Dmitry Osin, Igor Udovichenko, Viktor Moskvoretskii, Egor Shvetsov, Evgeny Burnaev

2024-10-09

EBES: Easy Benchmarking for Event Sequences

Summary

This paper introduces EBES, a new benchmarking tool designed to evaluate how well different models handle event sequences, which are important in fields like healthcare and finance.

What's the problem?

Event sequences often have irregular timing and a mix of different types of data, making it hard to compare how well different models perform on them. Currently, there are no standard benchmarks for these tasks, which can lead to confusion about which models are truly effective.

What's the solution?

The authors created EBES to provide a standardized way to evaluate models on event sequences. This tool includes predefined scenarios for testing, a library for easy dataset addition, and a novel synthetic dataset along with real-world datasets. They also analyzed existing datasets to identify which ones are suitable for comparison and investigated how well models can handle the timing and order of events.

Why it matters?

This research is significant because it establishes a clear framework for evaluating models that work with event sequences. By providing standardized benchmarks, EBES helps researchers compare results more easily, leading to better understanding and improvements in the field.
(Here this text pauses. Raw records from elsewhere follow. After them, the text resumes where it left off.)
text \<open>A digraph is a finite vertex set V with an edge set E \<subseteq> V \<times> V of ordered
  pairs; this representation has no parallel edges.  Loopless: no (x,x).\<close>
definition digraph :: "'a set \<Rightarrow> ('a \<times> 'a) set \<Rightarrow> bool" where
  "digraph V E \<longleftrightarrow> finite V \<and> E \<subseteq> V \<times> V \<and> (\<forall>x. (x, x) \<notin> E)"

definition SV :: "'a set \<Rightarrow> ('a \<times> 'a) set \<Rightarrow> ('a \<times> 'a) set \<Rightarrow> 'a set" where
  "SV V E X = {y \<in> V. \<exists>x z. (x, y) \<in> E - X \<and> (y, z) \<in> X}"

definition fD :: "'a set \<Rightarrow> ('a \<times> 'a) set \<Rightarrow> ('a \<times> 'a) set \<Rightarrow> nat" where
  "fD V E X = card (SV V E X \<union> SV V E (E - X))"

definition dbw :: "'a set \<Rightarrow> ('a \<times> 'a) set \<Rightarrow> nat" where
  "dbw V E = lwidth (fD V E) E"

definition line_vertices :: "('a \<times> 'a) set \<Rightarrow> ('a \<times> 'a) set" where
  "line_vertices E = E"

definition line_edges :: "('a \<times> 'a) set \<Rightarrow> (('a \<times> 'a) \<times> ('a \<times> 'a)) set" where
  "line_edges E = {(e, f). \<exists>w x y. e = (w, x) \<and> f = (x, y) \<and> e \<in> E \<and> f \<in> E}"

text \<open>Rank over GF(2) (type bit) of the submatrix M[R,C] of the adjacency matrix:
  the dimension of the span of its rows, each row being a function C \<rightarrow> GF(2)
  (extended by 0 outside C), in the GF(2)-vector space of functions with
  pointwise scalar multiplication.\<close>
definition gf2_scale :: "bit \<Rightarrow> ('a \<Rightarrow> bit) \<Rightarrow> ('a \<Rightarrow> bit)" where
  "gf2_scale c v = (\<lambda>i. c * v i)"

definition adj_row :: "('a \<times> 'a) set \<Rightarrow> 'a set \<Rightarrow> 'a \<Rightarrow> ('a \<Rightarrow> bit)" where
  "adj_row E C u = (\<lambda>v. if v \<in> C \<and> (u, v) \<in> E then 1 else 0)"

definition rk2 :: "('a \<times> 'a) set \<Rightarrow> 'a set \<Rightarrow> 'a set \<Rightarrow> nat" where
  "rk2 E R C = vector_space.dim gf2_scale (adj_row E C ` R)"

definition cutrank_g :: "'a set \<Rightarrow> ('a \<times> 'a) set \<Rightarrow> 'a set \<Rightarrow> nat" where
  "cutrank_g V E X = rk2 E (V - X) X + rk2 E X (V - X)"

definition bcrk :: "'a set \<Rightarrow> ('a \<times> 'a) set \<Rightarrow> nat" where
  "bcrk V E = lwidth (cutrank_g V E) V"

lemma gf2_vector_space: "vector_space gf2_scale"
  unfolding gf2_scale_def plus_fun_def
  by unfold_locales (simp_all only: fun_eq_iff plus_fun_def distrib_left distrib_right mult.assoc mult_1_left, simp_all)

end

theory Submission
  imports Defs
begin

text \<open>In the adjacency matrix of the directed line graph, the row of an edge \<open>(x, y)\<close>
  restricted to columns \<open>X \<subseteq> E\<close> depends only on the head \<open>y\<close>: it is the indicator of the edges
  of \<open>X\<close> leaving \<open>y\<close>. It vanishes unless \<open>y\<close> has an out-edge in \<open>X\<close>, and the nonzero rows for
  distinct heads are independent. Hence \<open>rk M[E - X, X]\<close> is exactly the number of vertices
  with an in-edge outside \<open>X\<close> and an out-edge in \<open>X\<close>, i.e. \<open>|SV V E X|\<close>, so the bi-cut-rank of
  \<open>X\<close> is \<open>|SV V E X| + |SV V E (E - X)|\<close>. This lies between \<open>f\<^sub>D(X)\<close> and \<open>2 f\<^sub>D(X)\<close>, giving
  \<open>dbw(D) \<le> bcrk(L(D)) \<le> 2 dbw(D)\<close>.\<close>

interpretation gf2: vector_space gf2_scale
  by (rule gf2_vector_space)

lemma sum_apply: "(sum F A :: 'a \<Rightarrow> 'b::comm_monoid_add) i = (\<Sum>v\<in>A. F v i)"
  by (induction A rule: infinite_finite_induct) (auto simp: plus_fun_def)

lemma gf2_independent_if_unique_coordinates:
  assumes "\<And>v. v \<in> B \<Longrightarrow> \<exists>i. v i = 1 \<and> (\<forall>w\<in>B - {v}. w i = 0)"
  shows "gf2.independent B"
  unfolding gf2.independent_explicit_module
proof (intro allI impI)
  fix T u v
  assume T: "finite T" "T \<subseteq> B" and zero: "(\<Sum>w\<in>T. gf2_scale (u w) w) = 0" and "v \<in> T"
  obtain i where i: "v i = 1" "\<forall>w\<in>B - {v}. w i = 0" using assms \<open>v \<in> T\<close> T(2) by blast
  have "0 = (\<Sum>w\<in>T. u w * w i)"
    using fun_cong[OF zero, of i] by (simp add: sum_apply gf2_scale_def)
  also have "\<dots> = u v * v i"
  proof -
    have "(\<Sum>w\<in>T - {v}. u w * w i) = 0" using i T by (intro sum.neutral) auto
    then show ?thesis by (simp add: sum.remove[OF T(1) \<open>v \<in> T\<close>])
  qed
  finally show "u v = 0" using i by simp
qed

lemma adj_row_line_edges:
  assumes "X \<subseteq> E" "(x, y) \<in> E"
  shows "adj_row (line_edges E) X (x, y) = (\<lambda>f. if f \<in> X \<and> fst f = y then 1 else 0)"
  using assms unfolding adj_row_def line_edges_def by (auto simp: fun_eq_iff)

lemma rk2_line_edges:
  assumes "finite V" "E \<subseteq> V \<times> V" "X \<subseteq> E"
  shows "rk2 (line_edges E) (E - X) X = card (SV V E X)"
proof -
  define r where "r y = (\<lambda>f. if f \<in> X \<and> fst f = y then 1 else 0 :: bit)" for y
  define S where "S = SV V E X"
  let ?rows = "adj_row (line_edges E) X ` (E - X)"
  have out_edge: "\<exists>z. (y, z) \<in> X" if "y \<in> S" for y
    using that unfolding S_def SV_def by auto
  have coordinate: "r y (y, z) = 1 \<and> (\<forall>y'. y' \<noteq> y \<longrightarrow> r y' (y, z) = 0)" if "(y, z) \<in> X" for y z
    using that unfolding r_def by auto
  have inj: "inj_on r S"
  proof
    fix y y' assume "y \<in> S" "y' \<in> S" "r y = r y'"
    then obtain z where "(y, z) \<in> X" using out_edge by blast
    with coordinate \<open>r y = r y'\<close> show "y = y'" by (metis zero_neq_one)
  qed
  have indep: "gf2.independent (r ` S)"
  proof (rule gf2_independent_if_unique_coordinates)
    fix v assume "v \<in> r ` S"
    then obtain y z where v: "v = r y" and "(y, z) \<in> X" using out_edge by blast
    have "w (y, z) = 0" if "w \<in> r ` S - {v}" for w
      using that v coordinate[OF \<open>(y, z) \<in> X\<close>] by auto
    then show "\<exists>i. v i = 1 \<and> (\<forall>w\<in>r ` S - {v}. w i = 0)"
      using v coordinate[OF \<open>(y, z) \<in> X\<close>] by blast
  qed
  have "?rows \<subseteq> insert 0 (r ` S)"
  proof
    fix a assume "a \<in> ?rows"
    then obtain x y where xy: "(x, y) \<in> E - X" "a = r y"
      using adj_row_line_edges[OF \<open>X \<subseteq> E\<close>] unfolding r_def by force
    show "a \<in> insert 0 (r ` S)"
    proof (cases "y \<in> S")
      case False
      then have "a = 0"
        using xy assms(2,3) unfolding r_def S_def SV_def by (auto simp: fun_eq_iff)
      then show ?thesis by simp
    qed (use xy in simp)
  qed
  moreover have "r ` S \<subseteq> ?rows"
  proof
    fix a assume "a \<in> r ` S"
    then obtain x y where "a = r y" "(x, y) \<in> E - X"
      unfolding S_def SV_def by blast
    then show "a \<in> ?rows"
      using adj_row_line_edges[OF \<open>X \<subseteq> E\<close>] unfolding r_def by force
  qed
  ultimately have "gf2.span (r ` S) = gf2.span ?rows"
    by (metis gf2.span_eq gf2.span_insert_0 gf2.span_superset subset_trans)
  then have "rk2 (line_edges E) (E - X) X = card (r ` S)"
    unfolding rk2_def by (rule gf2.dim_eq_card[OF _ indep])
  then show ?thesis using card_image[OF inj] by (simp add: S_def)
qed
This can ultimately enhance applications in various industries that rely on analyzing complex sequential data.

Abstract

Event sequences, characterized by irregular sampling intervals and a mix of categorical and numerical features, are common data structures in various real-world domains such as healthcare, finance, and user interaction logs. Despite advances in temporal data modeling techniques, there is no standardized benchmarks for evaluating their performance on event sequences. This complicates result comparison across different papers due to varying evaluation protocols, potentially misleading progress in this field. We introduce EBES, a comprehensive benchmarking tool with standardized evaluation scenarios and protocols, focusing on regression and classification problems with sequence-level targets. Our library simplifies benchmarking, dataset addition, and method integration through a unified interface. It includes a novel synthetic dataset and provides preprocessed real-world datasets, including the largest publicly available banking dataset. Our results provide an in-depth analysis of datasets, identifying some as unsuitable for model comparison. We investigate the importance of modeling temporal and sequential components, as well as the robustness and scaling properties of the models. These findings highlight potential directions for future research. Our benchmark aim is to facilitate reproducible research, expediting progress and increasing real-world impacts.